**Data excerpts:**
↓↓↓

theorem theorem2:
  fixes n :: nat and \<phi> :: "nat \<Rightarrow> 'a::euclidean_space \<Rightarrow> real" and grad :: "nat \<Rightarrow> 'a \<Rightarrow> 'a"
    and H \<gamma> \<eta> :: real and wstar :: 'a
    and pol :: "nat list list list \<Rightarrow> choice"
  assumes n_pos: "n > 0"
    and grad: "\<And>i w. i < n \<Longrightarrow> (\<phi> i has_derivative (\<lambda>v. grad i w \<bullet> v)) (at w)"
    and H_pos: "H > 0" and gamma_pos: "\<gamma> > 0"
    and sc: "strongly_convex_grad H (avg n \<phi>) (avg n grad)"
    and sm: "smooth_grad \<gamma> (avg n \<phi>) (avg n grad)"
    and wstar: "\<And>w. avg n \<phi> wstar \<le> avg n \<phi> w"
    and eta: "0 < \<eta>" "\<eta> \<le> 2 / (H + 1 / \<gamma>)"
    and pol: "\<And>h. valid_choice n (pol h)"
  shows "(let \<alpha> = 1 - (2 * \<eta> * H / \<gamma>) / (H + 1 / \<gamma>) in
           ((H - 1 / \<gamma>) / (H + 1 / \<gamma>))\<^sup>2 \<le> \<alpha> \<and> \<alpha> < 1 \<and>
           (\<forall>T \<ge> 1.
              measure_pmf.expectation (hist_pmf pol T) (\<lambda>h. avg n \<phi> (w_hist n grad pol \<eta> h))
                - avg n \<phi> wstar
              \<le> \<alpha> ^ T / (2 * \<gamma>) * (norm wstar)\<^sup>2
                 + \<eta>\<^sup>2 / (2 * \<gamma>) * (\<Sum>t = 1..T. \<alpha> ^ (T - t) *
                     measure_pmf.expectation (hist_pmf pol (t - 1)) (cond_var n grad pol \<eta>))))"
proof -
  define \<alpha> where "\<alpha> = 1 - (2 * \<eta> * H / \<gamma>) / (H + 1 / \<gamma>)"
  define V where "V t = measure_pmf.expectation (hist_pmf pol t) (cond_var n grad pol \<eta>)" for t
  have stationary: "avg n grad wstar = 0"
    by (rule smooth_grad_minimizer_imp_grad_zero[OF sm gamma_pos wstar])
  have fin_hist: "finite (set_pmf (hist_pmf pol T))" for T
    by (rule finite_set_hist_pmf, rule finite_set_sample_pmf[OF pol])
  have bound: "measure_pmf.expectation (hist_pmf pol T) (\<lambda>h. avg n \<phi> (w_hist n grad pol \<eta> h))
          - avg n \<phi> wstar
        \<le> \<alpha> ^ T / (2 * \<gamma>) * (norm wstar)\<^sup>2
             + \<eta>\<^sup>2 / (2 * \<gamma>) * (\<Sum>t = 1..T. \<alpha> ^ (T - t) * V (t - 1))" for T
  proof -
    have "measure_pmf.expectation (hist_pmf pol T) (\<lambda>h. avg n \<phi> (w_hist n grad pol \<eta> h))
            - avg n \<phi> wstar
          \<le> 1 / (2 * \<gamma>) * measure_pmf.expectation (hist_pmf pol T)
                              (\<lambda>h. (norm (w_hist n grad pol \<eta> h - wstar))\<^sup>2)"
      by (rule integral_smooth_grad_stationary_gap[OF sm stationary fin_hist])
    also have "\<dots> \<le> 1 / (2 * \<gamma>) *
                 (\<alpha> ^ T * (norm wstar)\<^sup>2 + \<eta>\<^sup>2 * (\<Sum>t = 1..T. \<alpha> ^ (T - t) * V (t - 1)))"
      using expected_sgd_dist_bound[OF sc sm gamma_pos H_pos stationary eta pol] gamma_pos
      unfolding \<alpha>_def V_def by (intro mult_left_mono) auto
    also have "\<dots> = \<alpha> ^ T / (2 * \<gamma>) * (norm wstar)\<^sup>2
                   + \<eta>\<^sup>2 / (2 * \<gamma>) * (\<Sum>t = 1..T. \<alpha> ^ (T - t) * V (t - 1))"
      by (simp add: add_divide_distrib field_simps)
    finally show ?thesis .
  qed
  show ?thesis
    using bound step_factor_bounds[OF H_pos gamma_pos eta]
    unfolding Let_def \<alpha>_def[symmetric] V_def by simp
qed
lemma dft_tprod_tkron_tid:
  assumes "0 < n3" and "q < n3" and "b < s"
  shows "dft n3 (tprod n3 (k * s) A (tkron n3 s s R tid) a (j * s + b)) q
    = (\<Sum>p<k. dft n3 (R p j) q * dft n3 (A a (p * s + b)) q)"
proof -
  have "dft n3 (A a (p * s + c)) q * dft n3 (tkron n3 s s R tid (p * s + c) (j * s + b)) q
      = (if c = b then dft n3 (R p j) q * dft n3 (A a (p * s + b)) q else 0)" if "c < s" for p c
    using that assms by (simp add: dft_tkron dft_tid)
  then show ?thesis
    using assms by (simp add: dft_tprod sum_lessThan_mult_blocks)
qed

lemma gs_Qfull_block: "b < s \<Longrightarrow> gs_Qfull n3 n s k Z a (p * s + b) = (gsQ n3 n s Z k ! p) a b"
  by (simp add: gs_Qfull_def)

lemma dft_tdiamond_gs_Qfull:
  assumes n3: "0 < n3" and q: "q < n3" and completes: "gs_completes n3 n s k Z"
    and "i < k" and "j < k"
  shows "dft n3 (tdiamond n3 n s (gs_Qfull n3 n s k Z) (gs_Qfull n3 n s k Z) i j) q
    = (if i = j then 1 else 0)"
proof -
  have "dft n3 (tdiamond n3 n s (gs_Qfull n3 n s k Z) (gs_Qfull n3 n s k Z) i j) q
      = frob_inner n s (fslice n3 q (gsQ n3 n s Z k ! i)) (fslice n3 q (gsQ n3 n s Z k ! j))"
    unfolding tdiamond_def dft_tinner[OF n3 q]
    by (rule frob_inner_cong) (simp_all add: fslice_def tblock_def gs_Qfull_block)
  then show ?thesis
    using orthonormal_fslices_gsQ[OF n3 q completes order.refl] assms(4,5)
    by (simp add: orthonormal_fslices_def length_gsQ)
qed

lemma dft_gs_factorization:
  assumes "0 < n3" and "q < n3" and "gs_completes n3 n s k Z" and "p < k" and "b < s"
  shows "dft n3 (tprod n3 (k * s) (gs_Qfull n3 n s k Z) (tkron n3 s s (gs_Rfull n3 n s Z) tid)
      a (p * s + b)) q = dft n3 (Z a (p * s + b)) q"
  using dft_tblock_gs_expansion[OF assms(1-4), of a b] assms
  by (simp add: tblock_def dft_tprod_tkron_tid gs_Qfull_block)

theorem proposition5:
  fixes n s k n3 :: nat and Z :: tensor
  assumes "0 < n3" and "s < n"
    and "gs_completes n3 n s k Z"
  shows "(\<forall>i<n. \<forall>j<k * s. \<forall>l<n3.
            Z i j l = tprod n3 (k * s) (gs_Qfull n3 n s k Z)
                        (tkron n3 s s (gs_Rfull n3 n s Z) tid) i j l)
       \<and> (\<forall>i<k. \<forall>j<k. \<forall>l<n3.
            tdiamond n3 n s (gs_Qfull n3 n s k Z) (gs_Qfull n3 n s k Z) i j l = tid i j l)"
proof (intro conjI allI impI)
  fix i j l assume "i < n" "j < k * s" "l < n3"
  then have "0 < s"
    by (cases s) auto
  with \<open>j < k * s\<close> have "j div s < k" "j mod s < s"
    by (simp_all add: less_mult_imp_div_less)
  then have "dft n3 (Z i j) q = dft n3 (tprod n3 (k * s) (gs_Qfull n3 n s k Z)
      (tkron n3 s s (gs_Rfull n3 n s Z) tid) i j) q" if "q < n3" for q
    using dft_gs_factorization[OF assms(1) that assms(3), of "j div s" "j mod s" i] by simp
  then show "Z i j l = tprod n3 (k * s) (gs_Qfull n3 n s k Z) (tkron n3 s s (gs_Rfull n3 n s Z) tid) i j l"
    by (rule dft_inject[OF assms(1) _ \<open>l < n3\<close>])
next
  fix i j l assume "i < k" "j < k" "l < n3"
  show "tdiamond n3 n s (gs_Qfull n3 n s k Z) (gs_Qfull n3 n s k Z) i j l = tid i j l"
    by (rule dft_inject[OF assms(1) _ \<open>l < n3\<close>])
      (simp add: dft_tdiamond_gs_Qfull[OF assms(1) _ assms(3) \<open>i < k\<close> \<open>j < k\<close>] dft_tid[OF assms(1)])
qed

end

↑↑↑

Having output the line that contains "valid_choice n (pol", stop. Every line before it, back to the first line of the data, must be reproduced exactly.

**Your response:**
theorem theorem2:
  fixes n :: nat and \<phi> :: "nat \<Rightarrow> 'a::euclidean_space \<Rightarrow> real" and grad :: "nat \<Rightarrow> 'a \<Rightarrow> 'a"
    and H \<gamma> \<eta> :: real and wstar :: 'a
    and pol :: "nat list list list \<Rightarrow> choice"
  assumes n_pos: "n > 0"
    and grad: "\<And>i w. i < n \<Longrightarrow> (\<phi> i has_derivative (\<lambda>v. grad i w \<bullet> v)) (at w)"
    and H_pos: "H > 0" and gamma_pos: "\<gamma> > 0"
    and sc: "strongly_convex_grad H (avg n \<phi>) (avg n grad)"
    and sm: "smooth_grad \<gamma> (avg n \<phi>) (avg n grad)"
    and wstar: "\<And>w. avg n \<phi> wstar \<le> avg n \<phi> w"
    and eta: "0 < \<eta>" "\<eta> \<le> 2 / (H + 1 / \<gamma>)"
    and pol: "\<And>h. valid_choice n (pol h)"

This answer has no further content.